§ **What is needed**:
Beginning with the line that holds "True B by simp" in the data below, give again every line through the one that holds "by (rule bij_betw_same_card)", exactly as written.

#### Record excerpts ####

(* Assume the setting below, but suppose only that $Y_i(0)\le 0$ for all $i=1,\dots,N$ (rather than $Y_i(0)=0$). Then the following conclusions remain true. (i) For every $1\le k\le N$ and $c\in\mathbb{R}$, $p^{\mathrm H}_{k,c}=G_{\mathrm H}(n(c);N,N-k,N_1)$ satisfies $\Pr(p^{\mathrm H}_{k,c}\le\alpha)\le\alpha$ for all $\alpha\in(0,1)$ whenever $\tau_{(k)}\le c$. (ii) $p^{\mathrm H}_{k,c}$ is non-decreasing in $c$ and non-increasing in $k$. The set $\{c: p^{\mathrm H}_{k,c}>\alpha\}$ equals $[y_{(k(\alpha))},\infty)$, where $k(\alpha)=N_1-Q_{\mathrm H}(1-\alpha;N,N-k,N_1)$, and $\Pr(\tau_{(k)}\ge y_{(k(\alpha))})\ge1-\alpha$. The set $\{N-k:p^{\mathrm H}_{k,c}>\alpha,\ 0\le k\le N\}=\{n_{c,\alpha},\dots,N\}$, where $n_{c,\alpha}=N-\max\{k:G_{\mathrm H}(n(c);N,N-k,N_1)>\alpha,\ 0\le k\le N\}$, and this set contains $N(c)$ with probability at least $1-\alpha$. (iii) For $1\le k_1\le\dots\le k_J\le N$ and $k_j(\alpha)=N_1-Q_{\mathrm H}(1-\alpha;N,N-k_j,N_1)$, $$\Pr\Big(\bigcap_{j=1}^J\{\tau_{(k_j)}\ge y_{(k_j(\alpha))}\}\Big)\ge 1-\Pr\Big(\bigcup_{j=1}^J\Big\{\sum_{i=1}^N Z_i\mathbb{1}(i>k_j)>Q_{\mathrm H}(1-\alpha;N,N-k_j,N_1)\Big\}\Big).$$
   Context: Setting: - There are $N$ units with fixed potential outcomes $Y_i(1),Y_i(0)$ and ITE $\tau_i=Y_i(1)-Y_i(0)$. - The sorted ITEs are $\tau_{(1)}\le\dots\le\tau_{(N)}$. - CRE: the assignment vector $Z\in\{0,1\}^N$ is uniformly distributed over vectors with exactly $N_1$ ones, where $1\le N_1<N$. - The observed outcome is $Y_i=Z_iY_i(1)+(1-Z_i)Y_i(0)$. - $N(c)=\sum_i\mathbb{1}(\tau_i>c)$ and $n(c)=\sum_iZ_i\mathbb{1}(Y_i>c)$. - $G_{\mathrm H}(x;N,n,N_1)=\Pr(X\ge x)$ and $Q_{\mathrm H}(\theta;N,n,N_1)=\inf\{x:\Pr(X\le x)\ge\theta\}$, for $X$ Hypergeometric with parameters $(N,n,N_1)$ (population size $N$, $n$ marked items, sample size $N_1$). - $y_{(1)}\le\dots\le y_{(N_1)}$ are the sorted observed outcomes of the treated units, with $y_{(0)}=-\infty$. *)

theory Defs
  imports "HOL-Probability.Probability"
begin

text \<open>Units are indexed by 1..N. An assignment of the CRE is identified with the set
  S of treated units (Z_i = 1 iff i in S).\<close>

definition cre :: "nat \<Rightarrow> nat \<Rightarrow> nat set set" where
  "cre N N1 = {S. S \<subseteq> {1..N} \<and> card S = N1}"

definition Pr_cre :: "nat \<Rightarrow> nat \<Rightarrow> (nat set \<Rightarrow> bool) \<Rightarrow> real" where
  "Pr_cre N N1 P = measure_pmf.prob (pmf_of_set (cre N N1)) {S. P S}"

definition hyp_pmf :: "nat \<Rightarrow> nat \<Rightarrow> nat \<Rightarrow> nat \<Rightarrow> real" where
  "hyp_pmf N n N1 j =
     (if j \<le> N1 then real ((n choose j) * ((N - n) choose (N1 - j))) / real (N choose N1) else 0)"

definition G_H :: "nat \<Rightarrow> nat \<Rightarrow> nat \<Rightarrow> nat \<Rightarrow> real" where
  "G_H x N n N1 = (\<Sum>j\<in>{x..N1}. hyp_pmf N n N1 j)"

definition hyp_cdf :: "nat \<Rightarrow> nat \<Rightarrow> nat \<Rightarrow> nat \<Rightarrow> real" where
  "hyp_cdf x N n N1 = (\<Sum>j\<in>{..x}. hyp_pmf N n N1 j)"

text \<open>Quantile: the infimum over real x of {x. Pr(X \<le> x) \<ge> \<theta>} is attained at a
  nonnegative integer whenever 0 < \<theta> \<le> 1.\<close>

definition Q_H :: "real \<Rightarrow> nat \<Rightarrow> nat \<Rightarrow> nat \<Rightarrow> nat" where
  "Q_H \<theta> N n N1 = (LEAST x::nat. \<theta> \<le> hyp_cdf x N n N1)"

text \<open>k-th smallest value (1-based) of f over a finite set A.\<close>

definition kth_smallest :: "(nat \<Rightarrow> real) \<Rightarrow> nat set \<Rightarrow> nat \<Rightarrow> real" where
  "kth_smallest f A k = sort (map f (sorted_list_of_set A)) ! (k - 1)"

definition tau :: "(nat \<Rightarrow> real) \<Rightarrow> (nat \<Rightarrow> real) \<Rightarrow> nat \<Rightarrow> real" where
  "tau Y1 Y0 i = Y1 i - Y0 i"

definition tau_ord :: "(nat \<Rightarrow> real) \<Rightarrow> (nat \<Rightarrow> real) \<Rightarrow> nat \<Rightarrow> nat \<Rightarrow> real" where
  "tau_ord Y1 Y0 N k = kth_smallest (tau Y1 Y0) {1..N} k"

definition obs :: "(nat \<Rightarrow> real) \<Rightarrow> (nat \<Rightarrow> real) \<Rightarrow> nat set \<Rightarrow> nat \<Rightarrow> real" where
  "obs Y1 Y0 S i = (if i \<in> S then Y1 i else Y0 i)"

definition Ncnt :: "(nat \<Rightarrow> real) \<Rightarrow> (nat \<Rightarrow> real) \<Rightarrow> nat \<Rightarrow> real \<Rightarrow> nat" where
  "Ncnt Y1 Y0 N c = card {i\<in>{1..N}. tau Y1 Y0 i > c}"

definition ncnt :: "(nat \<Rightarrow> real) \<Rightarrow> (nat \<Rightarrow> real) \<Rightarrow> nat set \<Rightarrow> real \<Rightarrow> nat" where
  "ncnt Y1 Y0 S c = card {i\<in>S. obs Y1 Y0 S i > c}"

definition pH :: "(nat \<Rightarrow> real) \<Rightarrow> (nat \<Rightarrow> real) \<Rightarrow> nat \<Rightarrow> nat \<Rightarrow> nat set \<Rightarrow> nat \<Rightarrow> real \<Rightarrow> real" where
  "pH Y1 Y0 N N1 S k c = G_H (ncnt Y1 Y0 S c) N (N - k) N1"

definition y_ord :: "(nat \<Rightarrow> real) \<Rightarrow> (nat \<Rightarrow> real) \<Rightarrow> nat set \<Rightarrow> nat \<Rightarrow> ereal" where
  "y_ord Y1 Y0 S j = (if j = 0 then -\<infinity> else ereal (kth_smallest (obs Y1 Y0 S) S j))"

definition kalpha :: "real \<Rightarrow> nat \<Rightarrow> nat \<Rightarrow> nat \<Rightarrow> nat" where
  "kalpha \<alpha> N N1 k = N1 - Q_H (1 - \<alpha>) N (N - k) N1"

definition n_ca :: "(nat \<Rightarrow> real) \<Rightarrow> (nat \<Rightarrow> real) \<Rightarrow> nat \<Rightarrow> nat \<Rightarrow> nat set \<Rightarrow> real \<Rightarrow> real \<Rightarrow> nat" where
  "n_ca Y1 Y0 N N1 S c \<alpha> =
     N - Max {k. k \<le> N \<and> G_H (ncnt Y1 Y0 S c) N (N - k) N1 > \<alpha>}"

end

theory Submission
  imports Defs "HOL-Combinatorics.List_Permutation"
begin

text \<open>Because Y0 \<le> 0, a treated unit with observed outcome above c has \<tau>_i > c, so n(c) is
  at most the number of treated units in any set A of units containing all \<tau>_i > c. When
  \<tau>_(k) \<le> c such an A can be taken of size N - k, and the number of treated units in a fixed
  set of size N - k is hypergeometric (N, N - k, N1); this makes p_{k,c} a valid p-value, and
  the confidence sets are obtained by inverting it through the quantile Q_H. For the
  simultaneous statement, one sorting permutation \<pi> of the units provides the nested sets
  A_k = \<pi>{k+1..N} for all k at once, and relabelling units by \<pi> preserves the law of the
  CRE, which transports the sets A_k to the fixed sets {k+1..N}.\<close>

section \<open>Completely randomized experiments\<close>

lemma finite_cre: "finite (cre N N1)"
  unfolding cre_def by (rule finite_subset[of _ "Pow {1..N}"]) auto

lemma card_cre: "card (cre N N1) = N choose N1"
  unfolding cre_def using n_subsets[of "{1..N}" N1] by simp

lemma cre_nonempty: "N1 \<le> N \<Longrightarrow> cre N N1 \<noteq> {}"
  using card_cre[of N N1] by (metis binomial_eq_0_iff card.empty not_le)

lemma creD: "S \<in> cre N N1 \<Longrightarrow> S \<subseteq> {1..N} \<and> finite S \<and> card S = N1"
  unfolding cre_def by (auto intro: finite_subset)

lemma Pr_cre_eq_card:
  assumes "N1 \<le> N"
  shows "Pr_cre N N1 P = real (card {S\<in>cre N N1. P S}) / real (N choose N1)"
proof -
  have "{S\<in>cre N N1. P S} = cre N N1 \<inter> {S. P S}" by auto
  then show ?thesis unfolding Pr_cre_def
    using measure_pmf_of_set[OF cre_nonempty[OF assms] finite_cre] card_cre by simp
qed

lemma Pr_cre_mono:
  assumes "N1 \<le> N" "\<And>S. S \<in> cre N N1 \<Longrightarrow> P S \<Longrightarrow> P' S"
  shows "Pr_cre N N1 P \<le> Pr_cre N N1 P'"
proof -
  have "card {S\<in>cre N N1. P S} \<le> card {S\<in>cre N N1. P' S}"
    by (rule card_mono) (auto intro: finite_subset[OF _ finite_cre] assms(2))
  then show ?thesis unfolding Pr_cre_eq_card[OF assms(1)] by (simp add: divide_right_mono)
qed

lemma Pr_cre_cong:
  assumes "N1 \<le> N" "\<And>S. S \<in> cre N N1 \<Longrightarrow> P S = P' S"
  shows "Pr_cre N N1 P = Pr_cre N N1 P'"
proof -
  have "{S\<in>cre N N1. P S} = {S\<in>cre N N1. P' S}" using assms(2) by auto
  then show ?thesis unfolding Pr_cre_eq_card[OF assms(1)] by simp
qed

lemma Pr_cre_not:
  assumes "N1 \<le> N"
  shows "Pr_cre N N1 (\<lambda>S. \<not> P S) = 1 - Pr_cre N N1 P"
proof -
  have "{S\<in>cre N N1. \<not> P S} = cre N N1 - {S\<in>cre N N1. P S}" by auto
  then have "card {S\<in>cre N N1. \<not> P S} = card (cre N N1) - card {S\<in>cre N N1. P S}"
    by (simp only:) (rule card_Diff_subset; auto intro: finite_subset[OF _ finite_cre])
  moreover have "card {S\<in>cre N N1. P S} \<le> card (cre N N1)"
    by (rule card_mono[OF finite_cre]) auto
  moreover have "real (N choose N1) > 0" using assms by simp
  ultimately show ?thesis unfolding Pr_cre_eq_card[OF assms] card_cre
    by (simp add: of_nat_diff field_simps)
qed

lemma Pr_cre_image_bij:
  assumes \<pi>: "bij_betw \<pi> {1..N} {1..N}" and "N1 \<le> N"
  shows "Pr_cre N N1 (\<lambda>S. P (\<pi> ` S)) = Pr_cre N N1 P"
proof -
  let ?C = "cre N N1"
  have inj\<pi>: "inj_on \<pi> {1..N}" using \<pi> by (simp add: bij_betw_def)
  have inj: "inj_on (image \<pi>) ?C"
    by (rule inj_on_image, rule inj_on_subset[OF inj\<pi>]) (auto simp: cre_def)
  have "image \<pi> ` ?C \<subseteq> ?C"
  proof
    fix T assume "T \<in> image \<pi> ` ?C"
    then obtain S where S: "S \<in> ?C" "T = \<pi> ` S" by blast
    then have S': "S \<subseteq> {1..N}" "card S = N1" using creD by auto
    then have "card (\<pi> ` S) = N1" using card_image[OF inj_on_subset[OF inj\<pi> S'(1)]] by simp
    moreover have "\<pi> ` S \<subseteq> {1..N}" using image_mono[OF S'(1), of \<pi>] \<pi> by (simp add: bij_betw_def)
    ultimately show "T \<in> ?C" unfolding S(2) cre_def by simp
  qed
  then have im: "image \<pi> ` ?C = ?C"
    by (rule card_subset_eq[OF finite_cre]) (simp add: card_image[OF inj])
  have "image \<pi> ` {S\<in>?C. P (\<pi> ` S)} = {T\<in>image \<pi> ` ?C. P T}" by blast
  then have "{S\<in>?C. P S} = image \<pi> ` {S\<in>?C. P (\<pi> ` S)}" unfolding im by simp
  moreover have "card (image \<pi> ` {S\<in>?C. P (\<pi> ` S)}) = card {S\<in>?C. P (\<pi> ` S)}"
    by (rule card_image, rule inj_on_subset[OF inj]) auto
  ultimately show ?thesis unfolding Pr_cre_eq_card[OF assms(2)] by simp
qed

lemma card_cre_Int_eq:
  assumes A: "A \<subseteq> {1..N}" "card A = n"
  shows "card {S\<in>cre N N1. card (S\<inter>A) = j} =
     (if j \<le> N1 then (n choose j) * ((N - n) choose (N1 - j)) else 0)"
proof (cases "j \<le> N1")
  case False
  have "card (S\<inter>A) \<le> N1" if "S \<in> cre N N1" for S
    using creD[OF that] by (metis card_mono inf_le1)
  then have empty: "{S\<in>cre N N1. card (S\<inter>A) = j} = {}" using False by auto
  show ?thesis unfolding empty using False by simp
next
  case True
  define D where "D = {1..N} - A"
  have fA: "finite A" using A(1) finite_subset by blast
  have cD: "card D = N - n" unfolding D_def using A fA by (simp add: card_Diff_subset)
  let ?X = "{S\<in>cre N N1. card (S\<inter>A) = j}"
  let ?Y = "{B. B \<subseteq> A \<and> card B = j} \<times> {C. C \<subseteq> D \<and> card C = N1 - j}"
  have "bij_betw (\<lambda>S. (S \<inter> A, S - A)) ?X ?Y"
  proof (rule bij_betw_byWitness[where f' = "\<lambda>(B,C). B \<union> C"])
    show "\<forall>S\<in>?X. (\<lambda>(B,C). B \<union> C) (S\<inter>A, S-A) = S" by auto
    show "\<forall>p\<in>?Y. (\<lambda>S. (S \<inter> A, S - A)) ((\<lambda>(B,C). B \<union> C) p) = p" using D_def by auto
    show "(\<lambda>S. (S \<inter> A, S - A)) ` ?X \<subseteq> ?Y"
    proof safe
      fix S assume "S \<in> cre N N1"
      then have S: "finite S" "card S = N1" "S \<subseteq> {1..N}" using creD by auto
      then show "card (S - A) = N1 - card (S \<inter> A)" by (simp add: card_Diff_subset_Int)
      fix x assume "x \<in> S" "x \<notin> A"
      then show "x \<in> D" using S(3) D_def by auto
    qed
    show "(\<lambda>(B,C). B \<union> C) ` ?Y \<subseteq> ?X"
    proof safe
      fix B C assume B: "B \<subseteq> A" "j = card B" and C: "C \<subseteq> D" "card C = N1 - card B"
      have "B \<inter> C = {}" "finite B" "finite C"
        using B C fA D_def finite_subset[of C "{1..N}"] finite_subset[of B A] by auto
      then have "card (B \<union> C) = N1" using card_Un_disjoint[of B C] C True B by simp
      moreover have "B \<union> C \<subseteq> {1..N}" using B C A D_def by auto
      ultimately show "B \<union> C \<in> cre N N1" unfolding cre_def by simp
      have "(B \<union> C) \<inter> A = B" using B C D_def by auto
      then show "card ((B \<union> C) \<inter> A) = card B" by simp
    qed
  qed
  then have "card ?X = card ?Y" by (rule bij_betw_same_card)
  also have "\<dots> = (n choose j) * ((N - n) choose (N1 - j))"
    using n_subsets[OF fA] n_subsets[of D] A cD by (simp add: card_cartesian_product D_def)
  finally show ?thesis using True by simp
qed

####

§ **Written solution**:
      then have "card (B \<union> C) = N1" using card_Un_disjoint[of B C] C True B by simp
      moreover have "B \<union> C \<subseteq> {1..N}" using B C A D_def by auto
      ultimately show "B \<union> C \<in> cre N N1" unfolding cre_def by simp
      have "(B \<union> C) \<inter> A = B" using B C D_def by auto
      then show "card ((B \<union> C) \<inter> A) = card B" by simp
    qed
  qed
  then have "card ?X = card ?Y" by (rule bij_betw_same_card)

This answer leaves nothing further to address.